Secondly, it seems to be displaying a slightly augmented picture each time it gets turned on. I would believe the switching off of the TV could also cause the TV to lose settings or behave erratically each time it is powered on.

Can anyone provide clarity on these topics? Thanks!


----------



## jimmie57 (Jun 26, 2010)

Ethan Anderson said:


> Hey guys, quick question that the "internet" cannot seem to answer. We have a 80" Sharp 1080 LCD display that is plugged into a plug that has its power controlled via a light switch. 3 times (roughly) per day this TV in turned ON and OFF via this switch only. Not put into standby or anything before hand. I would assume this would cause damage and cause the display to have a shorter life span.
> 
> Secondly, it seems to be displaying a slightly augmented picture each time it gets turned on. I would believe the switching off of the TV could also cause the TV to lose settings or behave erratically each time it is powered on.
> 
> Can anyone provide clarity on these topics? Thanks!

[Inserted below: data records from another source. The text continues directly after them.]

lemma poly_fun_shift: "poly_fun S f \<Longrightarrow> poly_fun S (\<lambda>v. f (v(s := Suc (v s))))"
proof (induction rule: poly_fun.induct)
  case (poly_fun_const c)
  show ?case
    by (rule poly_fun.poly_fun_const)
next
  case (poly_fun_add f g)
  show ?case
    by (rule poly_fun.poly_fun_add[OF poly_fun_add.IH])
next
  case (poly_fun_mult_var i f)
  show ?case
  proof (cases "i = s")
    case True
    then show ?thesis
      using poly_fun.poly_fun_add[OF poly_fun.poly_fun_mult_var[OF poly_fun_mult_var.hyps(1) poly_fun_mult_var.IH]
          poly_fun_mult_var.IH]
      by (simp add: algebra_simps)
  next
    case False
    then show ?thesis
      using poly_fun.poly_fun_mult_var[OF poly_fun_mult_var.hyps(1) poly_fun_mult_var.IH] by simp
  qed
qed

lemma of_nat_power_Suc_eq_sum:
  "(of_nat X :: rat) ^ Suc a = (\<Sum>j<X. \<Sum>b\<le>a. of_nat (Suc a choose b) * of_nat j ^ b)"
proof (induction X)
  case 0
  then show ?case by simp
next
  case (Suc X)
  have "(of_nat (Suc X) :: rat) ^ Suc a = (of_nat X + 1) ^ Suc a"
    by (simp add: add.commute)
  also have "\<dots> = (\<Sum>b\<le>Suc a. of_nat (Suc a choose b) * of_nat X ^ b * 1 ^ (Suc a - b))"
    by (rule binomial_ring)
  also have "\<dots> = of_nat X ^ Suc a + (\<Sum>b\<le>a. of_nat (Suc a choose b) * of_nat X ^ b)"
    by (simp add: sum.atMost_Suc)
  finally show ?case
    using Suc.IH by simp
qed

lemma sum_powers_rec:
  "(of_nat (Suc a) :: rat) * (\<Sum>j<X. of_nat j ^ a)
     = of_nat X ^ Suc a - (\<Sum>b<a. of_nat (Suc a choose b) * (\<Sum>j<X. of_nat j ^ b))"
proof -
  have "(of_nat X :: rat) ^ Suc a = (\<Sum>b\<le>a. of_nat (Suc a choose b) * (\<Sum>j<X. of_nat j ^ b))"
    unfolding of_nat_power_Suc_eq_sum by (subst sum.swap) (simp add: sum_distrib_left)
  also have "\<dots> = (\<Sum>b<a. of_nat (Suc a choose b) * (\<Sum>j<X. of_nat j ^ b))
                  + of_nat (Suc a) * (\<Sum>j<X. of_nat j ^ a)"
    by (simp add: lessThan_Suc_atMost[symmetric])
  finally show ?thesis
    by simp
qed

lemma poly_fun_sum_powers: "s \<in> S \<Longrightarrow> poly_fun S (\<lambda>v. \<Sum>j<v s. of_nat j ^ a)"
proof (induction a rule: less_induct)
  case (less a)
  have "poly_fun S (\<lambda>v. 1 / of_nat (Suc a) * (of_nat (v s) ^ Suc a
          - (\<Sum>b<a. of_nat (Suc a choose b) * (\<Sum>j<v s. of_nat j ^ b))))"
    by (intro poly_fun_cmult poly_fun_diff poly_fun_power_var poly_fun_sum less less.IH) auto
  moreover have "1 / of_nat (Suc a) * (of_nat (v s) ^ Suc a
          - (\<Sum>b<a. of_nat (Suc a choose b) * (\<Sum>j<v s. of_nat j ^ b)))
        = (\<Sum>j<v s. of_nat j ^ a :: rat)" for v
    unfolding sum_powers_rec[symmetric] by (simp del: of_nat_Suc)
  ultimately show ?case
    by simp
qed

(* The weight j ^ a lets the induction absorb a factor v s of the summand into the exponent. *)
lemma poly_fun_sum_below_weighted:
  "poly_fun S g \<Longrightarrow> s \<in> S \<Longrightarrow> poly_fun S (\<lambda>v. \<Sum>j<v s. of_nat j ^ a * g (v(s := j)))"
proof (induction arbitrary: a rule: poly_fun.induct)
  case (poly_fun_const c)
  then show ?case
    using poly_fun_cmult[OF poly_fun_sum_powers, of s S c a]
    by (simp add: sum_distrib_left mult.commute)
next
  case (poly_fun_add f g)
  then show ?case
    using poly_fun.poly_fun_add[OF poly_fun_add.IH] by (simp add: algebra_simps sum.distrib)
next
  case (poly_fun_mult_var i f)
  show ?case
  proof (cases "i = s")
    case True
    then show ?thesis
      using poly_fun_mult_var.IH[OF poly_fun_mult_var.prems, of "Suc a"] by (simp add: algebra_simps)
  next
    case False
    then show ?thesis
      using poly_fun.poly_fun_mult_var[OF poly_fun_mult_var.hyps(1) poly_fun_mult_var.IH[OF poly_fun_mult_var.prems, of a]]
      by (simp add: algebra_simps sum_distrib_left)
  qed
qed

lemma poly_fun_sum_below: "poly_fun S g \<Longrightarrow> s \<in> S \<Longrightarrow> poly_fun S (\<lambda>v. \<Sum>j<v s. g (v(s := j)))"
  using poly_fun_sum_below_weighted[of S g s 0] by simp

lemma poly_fun_telescope:
  assumes "s \<in> S" and "poly_fun S H" and "poly_fun S (\<lambda>v. G (v(s := 0)))"
    and step: "\<And>v. 0 < v s \<Longrightarrow> G v = G (v(s := v s - 1)) + H v"
  shows "poly_fun S G"
proof -
  have unroll: "G v = G (v(s := 0)) + (\<Sum>j<v s. H (v(s := Suc j)))" for v
  proof (induction "v s" arbitrary: v)
    case 0
    then show ?case
      by (metis fun_upd_triv lessThan_0 sum.empty add_0_right)
  next
    case (Suc k)
    have "G v = G (v(s := k)) + H v"
      using step[of v] Suc.hyps(2)[symmetric] by simp
    also have "G (v(s := k)) = G (v(s := 0)) + (\<Sum>j<k. H (v(s := Suc j)))"
      using Suc.hyps(1)[of "v(s := k)"] by (simp only: fun_upd_upd fun_upd_same)
    also have "H v = H (v(s := Suc k))"
      using Suc.hyps(2) by (metis fun_upd_triv)
    finally show ?case
      using Suc.hyps(2)[symmetric] by (simp only: sum.lessThan_Suc add.assoc)
  qed
  have "poly_fun S (\<lambda>v. G (v(s := 0)) + (\<Sum>j<v s. H (v(s := Suc j))))"
    using poly_fun_sum_below[OF poly_fun_shift[OF assms(2), of s] assms(1)] assms(3)
    by (auto intro: poly_fun.poly_fun_add)
  also have "(\<lambda>v. G (v(s := 0)) + (\<Sum>j<v s. H (v(s := Suc j)))) = G"
    by (intro ext) (rule unroll[symmetric])
  finally show ?thesis .
qed

definition monomial_sum :: "nat set \<Rightarrow> nat \<Rightarrow> ((nat \<Rightarrow> nat) \<Rightarrow> rat) \<Rightarrow> (nat \<Rightarrow> nat) \<Rightarrow> rat" where
  "monomial_sum S d c v = (\<Sum>e \<in> PiE S (\<lambda>_. {..d}). c e * (\<Prod>i\<in>S. of_nat (v i) ^ e i))"

lemma monomial_sum_const: "monomial_sum S 0 (\<lambda>_. a) = (\<lambda>v. a)"
proof -
  have "PiE S (\<lambda>_. {..0::nat}) = {\<lambda>i\<in>S. 0}"
    by (subst PiE_eq_singleton) auto
  then show ?thesis
    by (simp add: monomial_sum_def fun_eq_iff)
qed

lemma monomial_sum_raise_degree:
  assumes "finite S" "d \<le> d'"
  shows "monomial_sum S d c = monomial_sum S d' (\<lambda>e. if e \<in> PiE S (\<lambda>_. {..d}) then c e else 0)"
proof
  fix v
  have "PiE S (\<lambda>_. {..d}) \<subseteq> PiE S (\<lambda>_. {..d'})"
    using assms(2) by (intro PiE_mono) auto
  then show "monomial_sum S d c v
      = monomial_sum S d' (\<lambda>e. if e \<in> PiE S (\<lambda>_. {..d}) then c e else 0) v"
    unfolding monomial_sum_def
    by (intro sum.mono_neutral_cong_left) (use assms(1) in \<open>auto intro: finite_PiE\<close>)
qed

lemma monomial_sum_add:
  assumes "finite S"
  shows "\<exists>d c. (\<lambda>v. monomial_sum S d1 c1 v + monomial_sum S d2 c2 v) = monomial_sum S d c"
proof -
  define d where "d = max d1 d2"
  obtain c1' c2' where "monomial_sum S d1 c1 = monomial_sum S d c1'" "monomial_sum S d2 c2 = monomial_sum S d c2'"
    using monomial_sum_raise_degree[OF assms] unfolding d_def by (metis max.cobounded1 max.cobounded2)
  then have "(\<lambda>v. monomial_sum S d1 c1 v + monomial_sum S d2 c2 v) = monomial_sum S d (\<lambda>e. c1' e + c2' e)"
    by (simp add: monomial_sum_def fun_eq_iff algebra_simps sum.distrib)
  then show ?thesis
    by blast
qed

lemma monomial_sum_mult_var:
  assumes "finite S" "i \<in> S"
  shows "\<exists>d' c'. (\<lambda>v. of_nat (v i) * monomial_sum S d c v) = monomial_sum S d' c'"
proof -
  define A where "A = PiE S (\<lambda>_. {..d})"
  define raise where "raise e = e(i := Suc (e i))" for e :: "nat \<Rightarrow> nat"
  define c' where "c' e = (if e \<in> raise ` A then c (e(i := e i - 1)) else 0)" for e
  have inj: "inj_on raise A"
    unfolding inj_on_def raise_def by (metis diff_Suc_1 fun_upd_triv fun_upd_upd fun_upd_same)
  have raise_A: "raise ` A \<subseteq> PiE S (\<lambda>_. {..Suc d})"
    using assms(2) by (auto simp: A_def raise_def PiE_def Pi_def extensional_def)
  have monomial_raise: "(of_nat (v i) :: rat) * (\<Prod>j\<in>S. of_nat (v j) ^ e j)
      = (\<Prod>j\<in>S. of_nat (v j) ^ raise e j)" for v e
  proof -
    have "(\<Prod>j\<in>S - {i}. (of_nat (v j) :: rat) ^ raise e j) = (\<Prod>j\<in>S - {i}. of_nat (v j) ^ e j)"
      by (rule prod.cong) (auto simp: raise_def)
    then show ?thesis
      using assms by (simp add: prod.remove raise_def)
  qed
  have "of_nat (v i) * monomial_sum S d c v = monomial_sum S (Suc d) c' v" for v
  proof -
    have "of_nat (v i) * monomial_sum S d c v = (\<Sum>e\<in>A. c e * (\<Prod>j\<in>S. of_nat (v j) ^ raise e j))"
      by (simp add: monomial_sum_def A_def sum_distrib_left monomial_raise[symmetric] algebra_simps)
    also have "\<dots> = (\<Sum>e\<in>raise ` A. c' e * (\<Prod>j\<in>S. of_nat (v j) ^ e j))"
      by (subst sum.reindex[OF inj]) (auto simp: c'_def raise_def)
    also have "\<dots> = monomial_sum S (Suc d) c' v"
      unfolding monomial_sum_def using raise_A assms(1)
      by (intro sum.mono_neutral_cong_left) (auto simp: c'_def intro: finite_PiE)
    finally show ?thesis .
  qed
  then show ?thesis
    by blast
qed
lemma excursion_simple_cycle:
  assumes "simple_graph V E" and "connected_on E I" and "I \<subseteq> V"
    and "a \<in> I" and "b \<in> I" and "m \<noteq> []" and "set m \<inter> I = {}" and "set m \<subseteq> V"
    and walk: "successively E (a # m @ [b])" and "non_backtracking (a # m @ [b])"
  shows "\<exists>cs. simple_cycle E cs \<and> set cs \<subseteq> V \<and> set cs \<inter> set m \<noteq> {}"
proof (cases "distinct (a # m @ [b])")
  case False
  then obtain cs where cs: "simple_cycle E cs" "set cs \<subseteq> set (a # m @ [b])"
    using non_backtracking_not_distinct_simple_cycle[OF assms(1)] assms(9,10) by blast
  have "3 \<le> card (set cs)" using cs(1) by (simp add: simple_cycle_def distinct_card)
  moreover have "card {a, b} \<le> 2" by (cases "a = b") auto
  ultimately have "\<not> set cs \<subseteq> {a, b}" using card_mono[of "{a, b}" "set cs"] by auto
  then have "set cs \<inter> set m \<noteq> {}" using cs(2) by auto
  moreover have "set cs \<subseteq> V" using cs(2) assms(3-5,8) by auto
  ultimately show ?thesis using cs(1) by blast
next
  case True
  then have "a \<noteq> b" by simp
  obtain p where p: "is_path I E p" "distinct p" "hd p = a" "last p = b"
    using connected_on_simple_path[OF assms(2,4,5)] .
  have sym: "\<And>x y. E x y \<Longrightarrow> E y x" using assms(1) by (auto simp: simple_graph_def)
  have "successively E p" "set p \<subseteq> I" "p \<noteq> []"
    using p(1) by (simp_all add: is_path_iff_successively)
  have "length p \<ge> 2" using p(3,4) \<open>a \<noteq> b\<close> \<open>p \<noteq> []\<close>
    by (cases p rule: remdups_adj.cases) auto
  then have "3 \<le> length (m @ rev p)" using assms(6) by (cases m) auto
  moreover have "successively (\<lambda>x y. E y x) p"
    using \<open>successively E p\<close> by (rule successively_mono) (rule sym)
  then have "successively E (rev p)" by simp
  moreover have "hd (rev p) = b" "last (rev p) = a"
    using p(3,4) \<open>p \<noteq> []\<close> by (simp_all add: hd_rev last_rev)
  moreover have "successively E m" "E (last m) b" "E a (hd m)"
    using walk assms(6) by (auto simp: successively_append_iff successively_Cons)
  ultimately have "simple_cycle E (m @ rev p)"
    using True assms(6,7) p(2) \<open>set p \<subseteq> I\<close> \<open>p \<noteq> []\<close>
    by (auto simp: simple_cycle_def successively_append_iff)
  moreover have "set (m @ rev p) \<subseteq> V" using \<open>set p \<subseteq> I\<close> assms(3,8) by auto
  moreover have "set (m @ rev p) \<inter> set m \<noteq> {}" using assms(6) by auto
  ultimately show ?thesis by blast
qed

theorem corollary2p3:
  fixes V :: "'a set" and E :: "'a \<Rightarrow> 'a \<Rightarrow> bool" and I :: "'a set"
  assumes "simple_graph V E"
    and "connected_on E V"
    and "pre_cycle_core V E I"
    and "y \<in> I" and "z \<in> I"
    and "is_path V E xs" and "non_backtracking xs"
    and "hd xs = y" and "last xs = z"
  shows "is_path I E xs"
proof (rule ccontr)
  assume "\<not> is_path I E xs"
  then have "\<not> set xs \<subseteq> I" using assms(6) by (auto simp: is_path_iff_successively)
  then obtain A a m b B where "xs = A @ [a] @ m @ [b] @ B"
    and "a \<in> I" "b \<in> I" "m \<noteq> []" and m_out: "set m \<inter> I = {}"
    using excursion_from_set assms(4,5,8,9) by blast
  then have "xs = A @ (a # m @ [b]) @ B" by simp
  then have walk: "successively E (A @ (a # m @ [b]) @ B)" "non_backtracking (A @ (a # m @ [b]) @ B)"
    and "set m \<subseteq> V"
    using assms(6,7) by (auto simp: is_path_iff_successively)
  have "I \<subseteq> V" "connected_on E I" using assms(3) by (auto simp: pre_cycle_core_def)
  then obtain cs where "simple_cycle E cs" "set cs \<subseteq> V" "set cs \<inter> set m \<noteq> {}"
    using excursion_simple_cycle[OF assms(1) _ _ \<open>a \<in> I\<close> \<open>b \<in> I\<close> \<open>m \<noteq> []\<close> m_out
        \<open>set m \<subseteq> V\<close> successively_infix[OF walk(1)] non_backtracking_infix[OF walk(2)]]
    by blast
  then show False
    using pre_cycle_core_contains_simple_cycles[OF assms(1,3)] m_out by blast
qed

end
section \<open>The logics V and K, given by the sets of terms satisfying their formulas\<close>

text \<open>VFV ar Mods I t P: P is the set of closed values of type t satisfying some
  value formula of V of type t (and similarly CFV for computation formulas).\<close>
inductive VFV :: "('op \<Rightarrow> arity) \<Rightarrow> 'm set \<Rightarrow> ('m \<Rightarrow> ('op, unit) tree set)
                   \<Rightarrow> ty \<Rightarrow> 'op val set \<Rightarrow> bool"
  and CFV :: "('op \<Rightarrow> arity) \<Rightarrow> 'm set \<Rightarrow> ('m \<Rightarrow> ('op, unit) tree set)
                   \<Rightarrow> ty \<Rightarrow> 'op com set \<Rightarrow> bool"
  for ar Mods I where
  VV_num: "VFV ar Mods I TNat {num n}"
| VV_app: "v \<in> Val ar s \<Longrightarrow> CFV ar Mods I t A
     \<Longrightarrow> VFV ar Mods I (TFun s t) {w \<in> Val ar (TFun s t). App w v \<in> A}"
| VV_Inter: "(\<forall>P\<in>F. VFV ar Mods I t P) \<Longrightarrow> VFV ar Mods I t (Val ar t \<inter> \<Inter>F)"
| VV_Union: "(\<forall>P\<in>F. VFV ar Mods I t P) \<Longrightarrow> VFV ar Mods I t (Val ar t \<inter> \<Union>F)"
| VV_Neg: "VFV ar Mods I t P \<Longrightarrow> VFV ar Mods I t (Val ar t - P)"
| CV_mod: "md \<in> Mods \<Longrightarrow> VFV ar Mods I t P
     \<Longrightarrow> CFV ar Mods I t {m \<in> Com ar t. restrict P (optree m) \<in> I md}"
| CV_Inter: "(\<forall>A\<in>F. CFV ar Mods I t A) \<Longrightarrow> CFV ar Mods I t (Com ar t \<inter> \<Inter>F)"
| CV_Union: "(\<forall>A\<in>F. CFV ar Mods I t A) \<Longrightarrow> CFV ar Mods I t (Com ar t \<inter> \<Union>F)"
| CV_Neg: "CFV ar Mods I t A \<Longrightarrow> CFV ar Mods I t (Com ar t - A)"

inductive VFK :: "('op \<Rightarrow> arity) \<Rightarrow> 'm set \<Rightarrow> ('m \<Rightarrow> ('op, unit) tree set)
                   \<Rightarrow> ty \<Rightarrow> 'op val set \<Rightarrow> bool"
  and CFK :: "('op \<Rightarrow> arity) \<Rightarrow> 'm set \<Rightarrow> ('m \<Rightarrow> ('op, unit) tree set)
                   \<Rightarrow> ty \<Rightarrow> 'op com set \<Rightarrow> bool"
  for ar Mods I where
  VK_num: "VFK ar Mods I TNat {num n}"
| VK_app: "v \<in> Val ar s \<Longrightarrow> CFK ar Mods I t A
     \<Longrightarrow> VFK ar Mods I (TFun s t) {w \<in> Val ar (TFun s t). App w v \<in> A}"
| VK_Inter: "(\<forall>P\<in>F. VFK ar Mods I t P) \<Longrightarrow> VFK ar Mods I t (Val ar t \<inter> \<Inter>F)"
| VK_Union: "(\<forall>P\<in>F. VFK ar Mods I t P) \<Longrightarrow> VFK ar Mods I t (Val ar t \<inter> \<Union>F)"
| VK_Neg: "VFK ar Mods I t P \<Longrightarrow> VFK ar Mods I t (Val ar t - P)"
| CK_mod: "md \<in> Mods \<Longrightarrow> VFK ar Mods I t P
     \<Longrightarrow> CFK ar Mods I t {m \<in> Com ar t. restrict P (optree m) \<in> I md}"

definition lequiv :: "('a set \<Rightarrow> bool) \<Rightarrow> 'a \<Rightarrow> 'a \<Rightarrow> bool" where
  "lequiv D x y = (\<forall>P. D P \<longrightarrow> (x \<in> P \<longleftrightarrow> y \<in> P))"

end

theory Submission
  imports Defs
begin

text \<open>Every formula of \<open>\<K>\<close> is a formula of \<open>\<V>\<close>, so \<open>\<equiv>\<^sub>\<V>\<close> refines \<open>\<equiv>\<^sub>\<K>\<close>. Conversely, since
  value formulas of \<open>\<K>\<close> are closed under arbitrary Boolean combinations, every set of values
  that is a union of \<open>\<equiv>\<^sub>\<K>\<close>-classes is denoted by a \<open>\<K>\<close> value formula (a union of the
  conjunctions characterising each class). By induction on formulas of \<open>\<V>\<close>, every \<open>\<V>\<close> value
  formula is then equivalent to a \<open>\<K>\<close> value formula, and every \<open>\<V>\<close> computation formula is
  \<open>\<equiv>\<^sub>\<K>\<close>-invariant: a modality \<open>o \<phi>\<close> of \<open>\<V>\<close> already is one of \<open>\<K>\<close>, and invariance is
  preserved by Boolean combinations of computation formulas.\<close>

definition lequiv_closed :: "('a set \<Rightarrow> bool) \<Rightarrow> 'a set \<Rightarrow> 'a set \<Rightarrow> bool" where
  "lequiv_closed D U A \<longleftrightarrow> (\<forall>x\<in>U. \<forall>y\<in>U. lequiv D x y \<longrightarrow> (x \<in> A \<longleftrightarrow> y \<in> A))"

lemma lequiv_antimono:
  assumes "\<And>P. D P \<Longrightarrow> D' P" and "lequiv D' x y"
  shows "lequiv D x y"
  using assms unfolding lequiv_def by blast

lemma lequiv_closed_by_definable:
  assumes "D A"
  shows "lequiv_closed D U A"
  using assms unfolding lequiv_closed_def lequiv_def by blast

lemma definable_if_lequiv_closed:
  assumes Inter: "\<And>F. \<forall>P\<in>F. D P \<Longrightarrow> D (U \<inter> \<Inter>F)"
    and Union: "\<And>F. \<forall>P\<in>F. D P \<Longrightarrow> D (U \<inter> \<Union>F)"
    and Neg: "\<And>P. D P \<Longrightarrow> D (U - P)"
    and "A \<subseteq> U" and "lequiv_closed D U A"
  shows "D A"
proof -
  define eqclass where
    "eqclass x = U \<inter> \<Inter>({P. D P \<and> x \<in> P} \<union> {U - P | P. D P \<and> x \<notin> P})" for x
  have eqclass_definable: "D (eqclass x)" for x
    unfolding eqclass_def by (rule Inter) (blast intro: Neg)
  have eqclass_iff: "y \<in> eqclass x \<longleftrightarrow> y \<in> U \<and> lequiv D x y" for x y
    unfolding eqclass_def lequiv_def by blast
  have "A = U \<inter> \<Union>(eqclass ` A)"
  proof
    show "A \<subseteq> U \<inter> \<Union>(eqclass ` A)"
      using \<open>A \<subseteq> U\<close> eqclass_iff unfolding lequiv_def by blast
    show "U \<inter> \<Union>(eqclass ` A) \<subseteq> A"
    proof
      fix y
      assume "y \<in> U \<inter> \<Union>(eqclass ` A)"
      then obtain x where "x \<in> A" "y \<in> U" "lequiv D x y"
        using eqclass_iff by blast
      with \<open>A \<subseteq> U\<close> \<open>lequiv_closed D U A\<close> show "y \<in> A"
        unfolding lequiv_closed_def by blast
    qed
  qed
  moreover have "D (U \<inter> \<Union>(eqclass ` A))"
    by (rule Union) (blast intro: eqclass_definable)
  ultimately show ?thesis by simp
qed

lemma VFK_if_lequiv_closed:
  assumes "A \<subseteq> Val ar t" and "lequiv_closed (VFK ar Mods I t) (Val ar t) A"
  shows "VFK ar Mods I t A"
  by (rule definable_if_lequiv_closed[where D = "VFK ar Mods I t" and U = "Val ar t"])
    (fact VK_Inter VK_Union VK_Neg assms)+

lemma VFK_imp_VFV_and_CFK_imp_CFV:
  "VFK ar Mods I t P \<Longrightarrow> VFV ar Mods I t P"
  "CFK ar Mods I t A \<Longrightarrow> CFV ar Mods I t A"
  by (induction rule: VFK_CFK.inducts) (auto intro: VFV_CFV.intros)

lemma App_in_Com:
  "w \<in> Val ar (TFun s t) \<Longrightarrow> v \<in> Val ar s \<Longrightarrow> App w v \<in> Com ar t"
  unfolding Val_def Com_def by (auto intro: vtyp_ctyp.intros)

lemma lequiv_CFK_App:
  assumes "v \<in> Val ar s" and "lequiv (VFK ar Mods I (TFun s t)) w w'"
    and "w \<in> Val ar (TFun s t)" and "w' \<in> Val ar (TFun s t)"
  shows "lequiv (CFK ar Mods I t) (App w v) (App w' v)"
  unfolding lequiv_def
proof (intro allI impI)
  fix B
  assume "CFK ar Mods I t B"
  with \<open>v \<in> Val ar s\<close> have "VFK ar Mods I (TFun s t) {u \<in> Val ar (TFun s t). App u v \<in> B}"
    by (rule VK_app)
  then show "App w v \<in> B \<longleftrightarrow> App w' v \<in> B"
    using assms(2-4) unfolding lequiv_def by blast
qed

lemma VFV_imp_VFK_and_CFV_lequiv_closed:
  "VFV ar Mods I t P \<Longrightarrow> VFK ar Mods I t P"
  "CFV ar Mods I t A \<Longrightarrow> lequiv_closed (CFK ar Mods I t) (Com ar t) A"
proof (induction rule: VFV_CFV.inducts)
  case (VV_num n)
  show ?case by (rule VK_num)
next
  case (VV_app v s t A)
  show ?case
  proof (rule VFK_if_lequiv_closed)
    show "lequiv_closed (VFK ar Mods I (TFun s t)) (Val ar (TFun s t))
            {w \<in> Val ar (TFun s t). App w v \<in> A}"
      unfolding lequiv_closed_def
    proof (intro ballI impI)
      fix w w'
      assume w: "w \<in> Val ar (TFun s t)" and w': "w' \<in> Val ar (TFun s t)"
        and "lequiv (VFK ar Mods I (TFun s t)) w w'"
      then have "lequiv (CFK ar Mods I t) (App w v) (App w' v)"
        using VV_app(1) by (intro lequiv_CFK_App)
      then show "w \<in> {w \<in> Val ar (TFun s t). App w v \<in> A} \<longleftrightarrow>
                 w' \<in> {w \<in> Val ar (TFun s t). App w v \<in> A}"
        using VV_app(3) w w' App_in_Com[OF _ VV_app(1)]
        unfolding lequiv_closed_def by blast
    qed
  qed auto
next
  case (VV_Inter F t)
  then show ?case by (intro VK_Inter) auto
next
  case (VV_Union F t)
  then show ?case by (intro VK_Union) auto
next
  case (VV_Neg t P)
  then show ?case by (intro VK_Neg)
next
  case (CV_mod md t P)
  then show ?case by (intro lequiv_closed_by_definable CK_mod)
next
  case (CV_Inter F t)
  then show ?case unfolding lequiv_closed_def by blast
next
  case (CV_Union F t)
  then show ?case unfolding lequiv_closed_def by blast
next
  case (CV_Neg t A)
  then show ?case unfolding lequiv_closed_def by blast
qed

theorem proposition4p5:
  fixes ar :: "'op \<Rightarrow> arity" and Mods :: "'m set" and I :: "'m \<Rightarrow> ('op, unit) tree set"
  shows "(\<forall>t. \<forall>v \<in> Val ar t. \<forall>w \<in> Val ar t.
            lequiv (VFK ar Mods I t) v w \<longleftrightarrow> lequiv (VFV ar Mods I t) v w)
       \<and> (\<forall>t. \<forall>m \<in> Com ar t. \<forall>n \<in> Com ar t.
            lequiv (CFK ar Mods I t) m n \<longleftrightarrow> lequiv (CFV ar Mods I t) m n)"
proof (intro conjI allI ballI iffI)
  fix t v w
  show "lequiv (VFK ar Mods I t) v w \<Longrightarrow> lequiv (VFV ar Mods I t) v w"
    by (rule lequiv_antimono[OF VFV_imp_VFK_and_CFV_lequiv_closed(1)])
  show "lequiv (VFV ar Mods I t) v w \<Longrightarrow> lequiv (VFK ar Mods I t) v w"
    by (rule lequiv_antimono[OF VFK_imp_VFV_and_CFK_imp_CFV(1)])
next
  fix t m n
  assume "m \<in> Com ar t" "n \<in> Com ar t"
  then show "lequiv (CFK ar Mods I t) m n \<Longrightarrow> lequiv (CFV ar Mods I t) m n"
    using VFV_imp_VFK_and_CFV_lequiv_closed(2)
    unfolding lequiv_def lequiv_closed_def by blast
  show "lequiv (CFV ar Mods I t) m n \<Longrightarrow> lequiv (CFK ar Mods I t) m n"
    by (rule lequiv_antimono[OF VFK_imp_VFV_and_CFK_imp_CFV(2)])
qed

end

Do not do that. When you turn your TV off it is not truly off. It is all on except for sending the picture to the panel. On heats up electrical and taking the power away cools them off. This constant cycle stretches and compresses the connections, solder joints etc. and will make it fail much sooner. The electricity it uses when you turn it off with the remote is almost no existent because most of the power is lighting up the panel.
Same is true with your with your DTV Receivers .


----------



## Ethan Anderson (Sep 1, 2017)

Understood completely. This is not a personal TV but a display setup in a studio and I am being "brought in" to resolve issues we are having with it. I believed everything you said to already be true but needed it laid out in a clear manner so I can explain to staff tomorrow. 

In addition to the damage it will cause the settings could also be effected as well, correct? Settings like color, brightness, sharpness, etc...


----------



## jimmie57 (Jun 26, 2010)

Ethan Anderson said:


> Understood completely. This is not a personal TV but a display setup in a studio and I am being "brought in" to resolve issues we are having with it. I believed everything you said to already be true but needed it laid out in a clear manner so I can explain to staff tomorrow.
> 
> In addition to the damage it will cause the settings could also be effected as well, correct? Settings like color, brightness, sharpness, etc...


Yes
Actually, I think some TVs reset themselves if they are without power for a certain amount of time.


----------



## Ethan Anderson (Sep 1, 2017)

Cool. Thanks for the replies. I will hop back in tomorrow if I need more things to support my argument.


----------



## inkahauts (Nov 13, 2006)

Also, often tvs will run their fans to cool electronics inside properly and smoothly rather than so harshly with power being pulled. Yeah just do not do that.


----------



## Rich (Feb 22, 2007)

jimmie57 said:


> Yes
> Actually, I think some TVs reset themselves if they are without power for a certain amount of time.


I've never seen that happen. I've had TVs unplugged for long periods and never had to reset those settings. I think the DVRs keep their settings too. Might be wrong, that happens a lot...

Rich


----------



## Rich (Feb 22, 2007)

inkahauts said:


> Also, often tvs will run their fans to cool electronics inside properly and smoothly rather than so harshly with power being pulled. Yeah just do not do that.


Those switches also tend to fail when you put a heavy load on them. Not sure what a that specific TV pulls but it might be too much for a switch of that nature. Not something I'd do, I agree that the TVs are better off constantly energized.

Rich


----------